- [Input for this task]
┄┄┄┄┄┄┄┄┄┄

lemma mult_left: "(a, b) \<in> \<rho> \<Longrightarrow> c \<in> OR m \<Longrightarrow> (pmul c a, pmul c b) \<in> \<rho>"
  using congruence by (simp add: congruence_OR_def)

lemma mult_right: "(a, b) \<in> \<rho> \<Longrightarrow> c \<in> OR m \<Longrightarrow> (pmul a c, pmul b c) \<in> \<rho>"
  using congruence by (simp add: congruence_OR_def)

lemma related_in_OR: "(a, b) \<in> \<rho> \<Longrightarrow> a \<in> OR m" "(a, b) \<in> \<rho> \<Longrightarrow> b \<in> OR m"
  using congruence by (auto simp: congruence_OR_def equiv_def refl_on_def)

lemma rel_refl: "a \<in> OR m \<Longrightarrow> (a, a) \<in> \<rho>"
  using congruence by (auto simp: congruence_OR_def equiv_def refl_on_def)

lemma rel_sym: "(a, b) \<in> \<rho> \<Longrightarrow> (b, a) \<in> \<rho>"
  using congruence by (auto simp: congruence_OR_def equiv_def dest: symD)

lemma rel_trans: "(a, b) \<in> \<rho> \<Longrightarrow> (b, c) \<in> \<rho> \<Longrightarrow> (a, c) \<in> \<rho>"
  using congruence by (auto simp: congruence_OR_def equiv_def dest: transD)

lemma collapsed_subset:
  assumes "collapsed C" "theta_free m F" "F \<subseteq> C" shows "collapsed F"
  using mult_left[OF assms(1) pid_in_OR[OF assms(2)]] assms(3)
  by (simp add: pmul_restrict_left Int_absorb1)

┄┄┄┄┄┄┄┄┄┄

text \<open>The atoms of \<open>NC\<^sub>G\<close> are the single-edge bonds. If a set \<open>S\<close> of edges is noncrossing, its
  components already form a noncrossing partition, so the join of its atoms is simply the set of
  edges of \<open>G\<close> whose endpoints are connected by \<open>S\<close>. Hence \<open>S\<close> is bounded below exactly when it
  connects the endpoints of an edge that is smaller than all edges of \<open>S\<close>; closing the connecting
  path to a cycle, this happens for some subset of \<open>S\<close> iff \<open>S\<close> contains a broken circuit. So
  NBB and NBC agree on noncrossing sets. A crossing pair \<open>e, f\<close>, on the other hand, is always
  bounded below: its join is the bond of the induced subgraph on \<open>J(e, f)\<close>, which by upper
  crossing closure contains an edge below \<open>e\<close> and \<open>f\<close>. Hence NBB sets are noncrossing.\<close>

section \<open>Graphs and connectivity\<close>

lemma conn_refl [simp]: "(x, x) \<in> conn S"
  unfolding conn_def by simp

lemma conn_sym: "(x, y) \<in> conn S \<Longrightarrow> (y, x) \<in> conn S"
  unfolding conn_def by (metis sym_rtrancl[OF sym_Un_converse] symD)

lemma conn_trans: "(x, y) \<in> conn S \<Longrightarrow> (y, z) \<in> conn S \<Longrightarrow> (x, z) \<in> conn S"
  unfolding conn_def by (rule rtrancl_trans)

┄┄┄┄┄┄┄┄┄┄

- [Prompt] After locating the line with "path to a cycle, this" in the material above, return it and each line after it exactly, ending at the line with "NBB and NBC".

- [Solution below]
  path to a cycle, this happens for some subset of \<open>S\<close> iff \<open>S\<close> contains a broken circuit. So
  NBB and NBC agree on noncrossing sets. A crossing pair \<open>e, f\<close>, on the other hand, is always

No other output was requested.